1 files changed, 101 insertions, 32 deletions
diff --git a/src/backend/access/transam/xlog.c b/src/backend/access/transam/xlog.c
index 5097173c609..6f7e3bd96b3 100644
--- a/src/backend/access/transam/xlog.c
+++ b/src/backend/access/transam/xlog.c
@@ -3020,24 +3020,22 @@ XLogFileInit(XLogSegNo logsegno, bool *use_existent, bool use_lock)
 }
 
 /*
- * Create a new XLOG file segment by copying a pre-existing one.
+ * Copy a WAL segment file in pg_xlog directory.
  *
- * destsegno: identify segment to be created.

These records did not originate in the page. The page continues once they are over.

(* Let $(\pi_\rho,V_\rho)$ be an irreducible unitary representation of $Spin(n)$ and $V_\rho\otimes\mathbf{R}^n=\bigoplus_{k=0}^N V_{\lambda_k}$ its orthogonal decomposition into irreducible submodules. Then for every $k$, every $u\in\mathbf{R}^n$ and every orthonormal basis $\{e_i\}_{i=1}^n$ of $\mathbf{R}^n$, $$-\frac14\sum_{i=1}^n p^\rho_{\lambda_k}(e_i)\,\pi_\rho([e_i,u])=m(\lambda_k)\,p^\rho_{\lambda_k}(u),$$ where $[e_i,u]=e_iu-ue_i\in\mathfrak{spin}(n)$ is computed in $Cl_n$.
   Context: $Cl_n$ is the real Clifford algebra of $\mathbf{R}^n$ with $xy+yx=-2\langle x,y\rangle$; $\mathfrak{spin}(n)=\mathrm{span}\{[e_k,e_l]\}\subset Cl_n$, $Spin(n)=\exp\mathfrak{spin}(n)$, $\pi_{\mathrm{Ad}}(g)x=gxg^{-1}$ on $\mathbf{R}^n$, infinitesimally $\pi_{\mathrm{Ad}}(a)x=[a,x]$. $\pi_\rho$ also denotes the infinitesimal representation. $V_\rho\otimes\mathbf{R}^n$ carries $\pi_\rho\otimes\pi_{\mathrm{Ad}}$ and the tensor inner product; its irreducible constituents have multiplicity one and are mutually orthogonal; $\Pi^\rho_{\lambda_k}$ is the orthogonal projection onto $V_{\lambda_k}$, and the Clifford homomorphism is $p^\rho_{\lambda_k}(u)\phi:=\Pi^\rho_{\lambda_k}(\phi\otimes u)$. The conformal weight $m(\lambda_k)$ is the scalar by which the operator $\widehat C=\frac1{32}\sum_{i,j}\pi_\rho([e_i,e_j])\otimes\pi_{\mathrm{Ad}}([e_i,e_j])$ acts on $V_{\lambda_k}$; explicitly $m(\lambda_k)=\frac12\big(n-\|\delta+\lambda_k\|^2+\|\delta+\rho\|^2-1\big)$, where $\delta$ is half the sum of positive roots and the norm is the standard Euclidean one on weights. *)

theory Defs
  imports "HOL-Analysis.Analysis"
begin

text \<open>R^n is modelled as real^'n for a finite linearly ordered index type 'n
(n = CARD('n)); the standard basis vector e_i is axis i 1.
Cl_n is modelled by coordinates with respect to the monomial basis
e_I = e_i1 ... e_ik (i1 < ... < ik), I ranging over subsets of 'n.
The product is e_I e_J = (-1)^(#{(i,j) in I x J. j < i} + #(I inter J)) e_(I symdiff J),
which encodes the relations x y + y x = -2 <x,y>.\<close>

type_synonym 'n cl = "'n set \<Rightarrow> real"

definition symdiff :: "'a set \<Rightarrow> 'a set \<Rightarrow> 'a set" where
  "symdiff I J = (I - J) \<union> (J - I)"

definition cl_sign :: "('n::{finite,linorder}) set \<Rightarrow> ('n::{finite,linorder}) set \<Rightarrow> real" where
  "cl_sign I J = (-1) ^ (card {(i, j). i \<in> I \<and> j \<in> J \<and> j < i} + card (I \<inter> J))"

definition cl_mult :: "('n::{finite,linorder}) cl \<Rightarrow> ('n::{finite,linorder}) cl \<Rightarrow> ('n::{finite,linorder}) cl" where
  "cl_mult x y = (\<lambda>K. \<Sum>I\<in>UNIV. x I * y (symdiff I K) * cl_sign I (symdiff I K))"

definition cl_add :: "('n::{finite}) cl \<Rightarrow> ('n::{finite}) cl \<Rightarrow> ('n::{finite}) cl" where
  "cl_add x y = (\<lambda>I. x I + y I)"

definition cl_scale :: "real \<Rightarrow> ('n::{finite}) cl \<Rightarrow> ('n::{finite}) cl" where
  "cl_scale c x = (\<lambda>I. c * x I)"

definition cl_comm :: "('n::{finite,linorder}) cl \<Rightarrow> ('n::{finite,linorder}) cl \<Rightarrow> ('n::{finite,linorder}) cl" where
  "cl_comm x y = (\<lambda>K. cl_mult x y K - cl_mult y x K)"

definition cl_vec :: "real ^ ('n::{finite,linorder}) \<Rightarrow> ('n::{finite,linorder}) cl" where
  "cl_vec u = (\<lambda>I. \<Sum>i\<in>UNIV. if I = {i} then u $ i else 0)"

definition cl_to_vec :: "('n::{finite,linorder}) cl \<Rightarrow> real ^ ('n::{finite,linorder})" where
  "cl_to_vec c = (\<chi> i. c {i})"

definition spin_alg :: "('n::{finite,linorder}) cl set" where
  "spin_alg = {(\<lambda>I. \<Sum>k\<in>UNIV. \<Sum>l\<in>UNIV.
                   c k l * cl_comm (cl_vec (axis k 1)) (cl_vec (axis l 1)) I) | c. True}"

definition pi_Ad :: "('n::{finite,linorder}) cl \<Rightarrow> real ^ ('n::{finite,linorder}) \<Rightarrow> real ^ ('n::{finite,linorder})" where
  "pi_Ad a x = cl_to_vec (cl_comm a (cl_vec x))"

text \<open>V (x) R^n is modelled as 'v ^ 'n: the element X corresponds to
sum_j X$j (x) e_j.  With this identification the inner product of 'v ^ 'n is
exactly the tensor inner product.\<close>

definition tens :: "'v::real_vector \<Rightarrow> real ^ ('n::{finite}) \<Rightarrow> 'v ^ ('n::{finite})" where
  "tens \<phi> u = (\<chi> i. (u $ i) *\<^sub>R \<phi>)"

text \<open>A (x) B acting on V (x) R^n.\<close>
definition tensor_op :: "('v \<Rightarrow> 'v) \<Rightarrow> (real ^ ('n::{finite}) \<Rightarrow> real ^ ('n::{finite})) \<Rightarrow> 'v ^ ('n::{finite}) \<Rightarrow> ('v::real_vector) ^ ('n::{finite})" where
  "tensor_op A B X = (\<chi> i. \<Sum>l\<in>UNIV. (B (axis l 1) $ i) *\<^sub>R A (X $ l))"

definition tens_act :: "(('n::{finite,linorder}) cl \<Rightarrow> 'v \<Rightarrow> 'v) \<Rightarrow> ('n::{finite,linorder}) cl \<Rightarrow> 'v ^ ('n::{finite,linorder}) \<Rightarrow> ('v::real_vector) ^ ('n::{finite,linorder})" where
  "tens_act \<pi> a X = tensor_op (\<pi> a) id X + tensor_op id (pi_Ad a) X"

definition C_hat :: "(('n::{finite,linorder}) cl \<Rightarrow> 'v \<Rightarrow> 'v) \<Rightarrow> 'v ^ ('n::{finite,linorder}) \<Rightarrow> ('v::real_vector) ^ ('n::{finite,linorder})" where
  "C_hat \<pi> X = (1/32) *\<^sub>R (\<Sum>i\<in>UNIV. \<Sum>j\<in>UNIV.
      tensor_op (\<pi> (cl_comm (cl_vec (axis i 1)) (cl_vec (axis j 1))))
                (pi_Ad (cl_comm (cl_vec (axis i 1)) (cl_vec (axis j 1)))) X)"

definition orth_proj :: "'a::real_inner set \<Rightarrow> 'a \<Rightarrow> 'a" where
  "orth_proj W x = (THE y. y \<in> W \<and> (\<forall>w\<in>W. inner (x - y) w = 0))"

definition clifford_hom :: "('v::real_inner ^ ('n::{finite})) set \<Rightarrow> real ^ ('n::{finite}) \<Rightarrow> 'v \<Rightarrow> 'v ^ ('n::{finite})" where
  "clifford_hom W u \<phi> = orth_proj W (tens \<phi> u)"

+ * dstfname		destination filename
+ * srcfname		source filename
+ * upto			how much of the source file to copy? (the rest is filled with
+ *				zeros)
  *
- * srcTLI, srclog, srcseg: identify segment to be copied (could be from
- *		a different timeline)
+ * If dstfname is not given, the file is created with a temporary filename,
+ * which is returned.  Both filenames are relative to the pg_xlog directory.
  *
- * upto: how much of the source file to copy? (the rest is filled with zeros)
- *
- * Currently this is only used during recovery, and so there are no locking
- * considerations.  But we should be just as tense as XLogFileInit to avoid
- * emplacing a bogus file.
+ * NB: Any existing file with the same name will be overwritten!
  */
-static void
-XLogFileCopy(XLogSegNo destsegno, TimeLineID srcTLI, XLogSegNo srcsegno,
-			 int upto)
+static char *
+XLogFileCopy(char *dstfname, char *srcfname, int upto)
 {
-	char		path[MAXPGPATH];
+	char		srcpath[MAXPGPATH];
 	char		tmppath[MAXPGPATH];
 	char		buffer[XLOG_BLCKSZ];
 	int			srcfd;
@@ -3047,12 +3045,12 @@ XLogFileCopy(XLogSegNo destsegno, TimeLineID srcTLI, XLogSegNo srcsegno,
 	/*
 	 * Open the source file
 	 */
-	XLogFilePath(path, srcTLI, srcsegno);
-	srcfd = OpenTransientFile(path, O_RDONLY | PG_BINARY, 0);
+	snprintf(srcpath, MAXPGPATH, XLOGDIR "/%s", srcfname);
+	srcfd = OpenTransientFile(srcpath, O_RDONLY | PG_BINARY, 0);
 	if (srcfd < 0)
 		ereport(ERROR,
 				(errcode_for_file_access(),
-				 errmsg("could not open file \"%s\": %m", path)));
+				 errmsg("could not open file \"%s\": %m", srcpath)));
 
 	/*
 	 * Copy into a temp file name.
@@ -3094,10 +3092,12 @@ XLogFileCopy(XLogSegNo destsegno, TimeLineID srcTLI, XLogSegNo srcsegno,
 				if (errno != 0)
 					ereport(ERROR,
 							(errcode_for_file_access(),
-							 errmsg("could not read file \"%s\": %m", path)));
+							 errmsg("could not read file \"%s\": %m",
+									srcpath)));
 				else
 					ereport(ERROR,
-							(errmsg("not enough data in file \"%s\"", path)));
+							(errmsg("not enough data in file \"%s\"",
+									srcpath)));
 			}
 		}
 		errno = 0;
@@ -3131,10 +3131,24 @@ XLogFileCopy(XLogSegNo destsegno, TimeLineID srcTLI, XLogSegNo srcsegno,
 	CloseTransientFile(srcfd);
 
 	/*
-	 * Now move the segment into place with its final name.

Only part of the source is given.